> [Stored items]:
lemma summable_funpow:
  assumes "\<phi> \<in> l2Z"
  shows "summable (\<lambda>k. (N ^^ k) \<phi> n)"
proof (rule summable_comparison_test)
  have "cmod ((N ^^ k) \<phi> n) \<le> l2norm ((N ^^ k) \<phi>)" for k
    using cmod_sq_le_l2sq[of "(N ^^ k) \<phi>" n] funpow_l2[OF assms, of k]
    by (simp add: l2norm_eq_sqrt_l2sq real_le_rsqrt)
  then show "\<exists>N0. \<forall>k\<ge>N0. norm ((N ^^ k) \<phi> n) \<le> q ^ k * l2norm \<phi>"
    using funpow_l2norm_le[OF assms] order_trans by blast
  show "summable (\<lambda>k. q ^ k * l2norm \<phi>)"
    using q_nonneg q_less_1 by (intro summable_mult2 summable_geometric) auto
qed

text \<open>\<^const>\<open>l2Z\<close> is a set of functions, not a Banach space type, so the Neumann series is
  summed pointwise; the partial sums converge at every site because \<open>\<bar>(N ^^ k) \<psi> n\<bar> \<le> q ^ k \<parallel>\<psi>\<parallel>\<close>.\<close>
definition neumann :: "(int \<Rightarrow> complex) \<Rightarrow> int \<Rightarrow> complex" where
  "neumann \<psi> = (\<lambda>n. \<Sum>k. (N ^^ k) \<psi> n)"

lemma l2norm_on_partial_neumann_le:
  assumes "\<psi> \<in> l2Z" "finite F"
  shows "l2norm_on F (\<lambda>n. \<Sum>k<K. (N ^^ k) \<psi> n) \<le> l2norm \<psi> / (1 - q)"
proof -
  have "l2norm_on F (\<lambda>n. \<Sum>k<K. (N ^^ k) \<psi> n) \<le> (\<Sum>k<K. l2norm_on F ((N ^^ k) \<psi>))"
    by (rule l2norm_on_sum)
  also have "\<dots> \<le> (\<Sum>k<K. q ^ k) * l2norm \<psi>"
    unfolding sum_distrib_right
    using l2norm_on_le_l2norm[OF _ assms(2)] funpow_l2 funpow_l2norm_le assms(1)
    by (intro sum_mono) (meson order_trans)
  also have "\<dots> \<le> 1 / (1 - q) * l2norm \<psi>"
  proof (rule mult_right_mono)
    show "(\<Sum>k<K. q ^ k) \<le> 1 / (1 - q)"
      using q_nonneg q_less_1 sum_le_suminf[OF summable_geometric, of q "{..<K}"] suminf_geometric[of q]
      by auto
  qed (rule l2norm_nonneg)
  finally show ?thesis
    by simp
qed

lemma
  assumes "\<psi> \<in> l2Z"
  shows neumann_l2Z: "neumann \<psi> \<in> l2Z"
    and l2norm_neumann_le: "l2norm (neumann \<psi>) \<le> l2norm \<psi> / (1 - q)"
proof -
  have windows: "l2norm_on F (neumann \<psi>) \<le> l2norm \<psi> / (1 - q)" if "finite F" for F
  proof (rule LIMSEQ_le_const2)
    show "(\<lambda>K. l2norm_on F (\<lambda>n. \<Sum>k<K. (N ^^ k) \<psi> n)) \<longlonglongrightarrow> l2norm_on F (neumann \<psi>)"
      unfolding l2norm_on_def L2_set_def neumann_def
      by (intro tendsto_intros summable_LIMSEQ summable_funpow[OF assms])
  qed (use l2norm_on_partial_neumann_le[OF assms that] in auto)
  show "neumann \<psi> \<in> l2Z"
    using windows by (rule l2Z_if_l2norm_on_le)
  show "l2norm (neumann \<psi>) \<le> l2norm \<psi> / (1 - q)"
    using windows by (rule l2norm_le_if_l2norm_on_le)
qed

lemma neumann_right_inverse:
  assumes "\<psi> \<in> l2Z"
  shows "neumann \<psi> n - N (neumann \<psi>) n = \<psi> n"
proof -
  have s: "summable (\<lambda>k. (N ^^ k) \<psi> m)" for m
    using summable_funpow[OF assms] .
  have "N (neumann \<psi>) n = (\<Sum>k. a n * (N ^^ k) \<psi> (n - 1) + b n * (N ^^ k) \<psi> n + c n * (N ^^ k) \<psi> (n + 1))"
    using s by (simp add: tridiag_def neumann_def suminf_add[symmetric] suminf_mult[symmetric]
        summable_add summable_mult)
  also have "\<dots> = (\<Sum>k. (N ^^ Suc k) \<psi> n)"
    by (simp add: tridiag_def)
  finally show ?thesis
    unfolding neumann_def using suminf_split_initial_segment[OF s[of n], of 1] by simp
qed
--
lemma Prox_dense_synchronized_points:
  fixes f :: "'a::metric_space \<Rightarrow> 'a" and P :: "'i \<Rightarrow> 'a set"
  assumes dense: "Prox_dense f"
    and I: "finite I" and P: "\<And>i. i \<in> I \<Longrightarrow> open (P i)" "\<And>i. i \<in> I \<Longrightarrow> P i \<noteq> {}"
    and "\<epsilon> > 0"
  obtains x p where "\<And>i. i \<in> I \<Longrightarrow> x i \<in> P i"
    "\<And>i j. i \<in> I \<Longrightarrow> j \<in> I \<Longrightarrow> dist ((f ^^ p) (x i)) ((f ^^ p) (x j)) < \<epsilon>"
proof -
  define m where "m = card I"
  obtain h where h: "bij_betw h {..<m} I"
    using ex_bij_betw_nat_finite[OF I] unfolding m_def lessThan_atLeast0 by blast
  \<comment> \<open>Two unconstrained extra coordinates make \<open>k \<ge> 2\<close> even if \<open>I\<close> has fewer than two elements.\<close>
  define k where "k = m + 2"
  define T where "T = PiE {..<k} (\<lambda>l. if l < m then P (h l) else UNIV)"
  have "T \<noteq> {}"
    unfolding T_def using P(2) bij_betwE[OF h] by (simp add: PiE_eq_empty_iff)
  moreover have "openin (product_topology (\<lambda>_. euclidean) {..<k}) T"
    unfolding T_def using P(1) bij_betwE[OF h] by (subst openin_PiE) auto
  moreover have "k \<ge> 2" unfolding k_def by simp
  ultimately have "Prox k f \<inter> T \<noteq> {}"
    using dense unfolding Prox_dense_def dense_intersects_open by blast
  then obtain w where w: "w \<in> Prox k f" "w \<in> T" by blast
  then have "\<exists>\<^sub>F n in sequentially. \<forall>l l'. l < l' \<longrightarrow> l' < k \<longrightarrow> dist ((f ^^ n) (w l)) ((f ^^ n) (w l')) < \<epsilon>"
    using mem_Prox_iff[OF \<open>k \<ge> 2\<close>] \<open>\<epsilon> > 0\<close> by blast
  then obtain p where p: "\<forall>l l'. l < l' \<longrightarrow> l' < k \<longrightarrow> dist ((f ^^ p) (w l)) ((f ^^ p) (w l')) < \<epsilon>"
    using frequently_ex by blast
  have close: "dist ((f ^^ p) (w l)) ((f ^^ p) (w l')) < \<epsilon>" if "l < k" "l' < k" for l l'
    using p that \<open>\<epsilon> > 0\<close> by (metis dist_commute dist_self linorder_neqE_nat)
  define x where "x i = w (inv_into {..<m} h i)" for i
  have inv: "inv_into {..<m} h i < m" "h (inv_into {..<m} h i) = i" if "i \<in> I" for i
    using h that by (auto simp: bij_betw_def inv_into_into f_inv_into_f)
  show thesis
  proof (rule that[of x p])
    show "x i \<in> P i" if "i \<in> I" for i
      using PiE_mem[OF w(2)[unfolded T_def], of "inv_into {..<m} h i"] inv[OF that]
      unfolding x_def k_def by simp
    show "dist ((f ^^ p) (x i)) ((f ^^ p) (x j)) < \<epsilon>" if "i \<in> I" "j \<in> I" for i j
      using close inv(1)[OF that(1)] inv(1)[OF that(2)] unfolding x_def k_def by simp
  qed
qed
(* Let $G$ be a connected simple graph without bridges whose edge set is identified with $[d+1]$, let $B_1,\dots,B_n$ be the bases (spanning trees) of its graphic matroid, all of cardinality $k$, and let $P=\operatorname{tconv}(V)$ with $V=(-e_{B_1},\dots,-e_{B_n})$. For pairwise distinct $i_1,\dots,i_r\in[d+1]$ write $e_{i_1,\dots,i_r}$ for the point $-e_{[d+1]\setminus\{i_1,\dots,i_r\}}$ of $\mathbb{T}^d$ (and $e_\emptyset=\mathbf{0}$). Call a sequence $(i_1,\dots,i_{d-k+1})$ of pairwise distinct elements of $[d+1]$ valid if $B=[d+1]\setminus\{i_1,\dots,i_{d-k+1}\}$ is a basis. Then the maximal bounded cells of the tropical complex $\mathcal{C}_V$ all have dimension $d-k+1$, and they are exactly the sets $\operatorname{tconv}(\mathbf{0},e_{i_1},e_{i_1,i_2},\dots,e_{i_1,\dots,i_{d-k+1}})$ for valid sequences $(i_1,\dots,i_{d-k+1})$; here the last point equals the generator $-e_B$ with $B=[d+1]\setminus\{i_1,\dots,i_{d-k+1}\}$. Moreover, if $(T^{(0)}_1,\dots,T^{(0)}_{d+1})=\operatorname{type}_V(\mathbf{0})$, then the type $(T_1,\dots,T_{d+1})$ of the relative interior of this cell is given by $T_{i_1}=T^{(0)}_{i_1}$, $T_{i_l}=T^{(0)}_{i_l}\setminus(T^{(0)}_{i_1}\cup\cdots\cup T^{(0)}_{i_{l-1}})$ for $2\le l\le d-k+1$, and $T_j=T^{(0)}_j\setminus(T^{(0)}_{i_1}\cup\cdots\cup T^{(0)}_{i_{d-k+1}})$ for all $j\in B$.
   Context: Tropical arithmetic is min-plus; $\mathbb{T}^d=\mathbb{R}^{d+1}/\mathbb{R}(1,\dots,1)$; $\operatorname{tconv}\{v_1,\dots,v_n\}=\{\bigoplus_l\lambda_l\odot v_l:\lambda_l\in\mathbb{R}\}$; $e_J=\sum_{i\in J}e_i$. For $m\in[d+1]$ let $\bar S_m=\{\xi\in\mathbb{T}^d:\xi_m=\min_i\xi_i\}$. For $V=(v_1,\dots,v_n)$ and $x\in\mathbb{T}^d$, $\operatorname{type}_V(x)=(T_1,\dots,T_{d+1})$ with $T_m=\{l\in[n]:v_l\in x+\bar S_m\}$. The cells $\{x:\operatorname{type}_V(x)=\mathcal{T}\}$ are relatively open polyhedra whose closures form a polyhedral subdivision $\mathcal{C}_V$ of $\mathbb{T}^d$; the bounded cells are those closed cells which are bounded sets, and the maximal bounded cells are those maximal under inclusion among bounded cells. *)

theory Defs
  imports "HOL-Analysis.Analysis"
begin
==
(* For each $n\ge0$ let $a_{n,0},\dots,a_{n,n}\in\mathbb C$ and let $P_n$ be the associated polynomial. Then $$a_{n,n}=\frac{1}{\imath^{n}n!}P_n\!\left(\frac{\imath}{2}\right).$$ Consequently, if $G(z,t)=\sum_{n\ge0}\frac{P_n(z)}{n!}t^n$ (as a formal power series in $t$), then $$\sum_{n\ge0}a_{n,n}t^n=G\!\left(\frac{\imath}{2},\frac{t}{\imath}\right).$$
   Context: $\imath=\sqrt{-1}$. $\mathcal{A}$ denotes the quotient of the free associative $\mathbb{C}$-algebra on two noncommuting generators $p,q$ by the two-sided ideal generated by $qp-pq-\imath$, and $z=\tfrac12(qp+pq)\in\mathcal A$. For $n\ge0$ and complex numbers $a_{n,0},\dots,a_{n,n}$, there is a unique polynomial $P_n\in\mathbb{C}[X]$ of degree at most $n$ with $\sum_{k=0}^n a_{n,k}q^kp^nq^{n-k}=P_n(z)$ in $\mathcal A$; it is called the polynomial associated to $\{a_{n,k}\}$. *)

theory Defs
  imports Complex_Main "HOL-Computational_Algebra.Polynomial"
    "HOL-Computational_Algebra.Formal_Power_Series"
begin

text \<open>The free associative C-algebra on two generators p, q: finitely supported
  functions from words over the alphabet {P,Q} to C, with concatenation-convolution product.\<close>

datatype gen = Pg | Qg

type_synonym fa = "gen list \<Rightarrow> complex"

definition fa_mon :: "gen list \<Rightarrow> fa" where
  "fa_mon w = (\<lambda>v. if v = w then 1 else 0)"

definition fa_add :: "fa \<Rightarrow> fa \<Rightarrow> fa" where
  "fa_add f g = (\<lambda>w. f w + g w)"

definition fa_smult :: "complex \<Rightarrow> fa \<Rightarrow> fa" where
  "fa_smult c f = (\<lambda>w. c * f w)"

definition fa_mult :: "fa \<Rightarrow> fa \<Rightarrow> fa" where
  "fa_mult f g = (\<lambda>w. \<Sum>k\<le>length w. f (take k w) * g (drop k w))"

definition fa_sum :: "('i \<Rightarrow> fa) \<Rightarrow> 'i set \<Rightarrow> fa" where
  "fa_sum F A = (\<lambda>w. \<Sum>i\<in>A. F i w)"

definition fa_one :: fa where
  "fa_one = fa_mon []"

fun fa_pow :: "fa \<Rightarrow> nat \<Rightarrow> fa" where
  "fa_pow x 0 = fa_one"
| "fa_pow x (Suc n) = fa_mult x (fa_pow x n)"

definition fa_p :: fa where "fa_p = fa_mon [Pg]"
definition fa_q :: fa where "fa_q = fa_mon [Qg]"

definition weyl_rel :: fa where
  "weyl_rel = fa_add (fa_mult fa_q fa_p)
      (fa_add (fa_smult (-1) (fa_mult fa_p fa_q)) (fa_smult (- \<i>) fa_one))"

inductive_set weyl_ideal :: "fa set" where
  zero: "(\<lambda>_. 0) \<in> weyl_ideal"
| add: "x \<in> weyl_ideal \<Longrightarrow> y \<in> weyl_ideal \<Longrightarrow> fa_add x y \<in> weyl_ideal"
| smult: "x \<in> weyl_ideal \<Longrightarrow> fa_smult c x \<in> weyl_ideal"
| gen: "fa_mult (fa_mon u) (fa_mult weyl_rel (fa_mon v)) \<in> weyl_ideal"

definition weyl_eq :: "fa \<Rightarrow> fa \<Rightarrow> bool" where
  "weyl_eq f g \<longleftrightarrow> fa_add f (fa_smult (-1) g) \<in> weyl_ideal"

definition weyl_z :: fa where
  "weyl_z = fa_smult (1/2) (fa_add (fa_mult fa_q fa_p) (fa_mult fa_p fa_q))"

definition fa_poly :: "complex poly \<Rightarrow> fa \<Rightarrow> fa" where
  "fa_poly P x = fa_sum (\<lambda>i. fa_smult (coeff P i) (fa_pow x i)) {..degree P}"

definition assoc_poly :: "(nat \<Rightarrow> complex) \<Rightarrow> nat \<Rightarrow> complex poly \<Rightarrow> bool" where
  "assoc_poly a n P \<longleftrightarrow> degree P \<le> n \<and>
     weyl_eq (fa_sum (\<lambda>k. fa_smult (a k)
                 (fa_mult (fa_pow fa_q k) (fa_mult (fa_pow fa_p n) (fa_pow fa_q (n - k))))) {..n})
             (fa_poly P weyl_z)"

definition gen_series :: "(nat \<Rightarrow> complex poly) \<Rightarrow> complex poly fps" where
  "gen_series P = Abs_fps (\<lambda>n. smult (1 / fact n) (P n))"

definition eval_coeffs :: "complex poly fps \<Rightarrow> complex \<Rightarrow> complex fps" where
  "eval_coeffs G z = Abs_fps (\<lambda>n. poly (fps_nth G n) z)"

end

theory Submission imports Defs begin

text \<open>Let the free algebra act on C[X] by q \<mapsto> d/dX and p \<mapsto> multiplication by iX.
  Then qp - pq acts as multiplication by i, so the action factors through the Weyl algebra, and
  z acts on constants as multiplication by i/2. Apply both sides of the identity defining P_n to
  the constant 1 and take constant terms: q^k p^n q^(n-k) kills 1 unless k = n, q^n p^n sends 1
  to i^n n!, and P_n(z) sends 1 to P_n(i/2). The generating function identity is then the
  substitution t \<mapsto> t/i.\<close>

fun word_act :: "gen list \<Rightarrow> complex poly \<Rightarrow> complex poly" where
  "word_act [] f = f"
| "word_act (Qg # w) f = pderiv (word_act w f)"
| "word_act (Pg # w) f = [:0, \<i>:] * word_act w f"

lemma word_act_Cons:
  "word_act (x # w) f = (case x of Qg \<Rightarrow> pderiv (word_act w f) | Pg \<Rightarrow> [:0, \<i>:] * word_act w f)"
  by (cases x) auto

> [Instructions for the task]: Once you have counted the lines above containing the word "acts", state that number and nothing more.

> [Answer space]: 2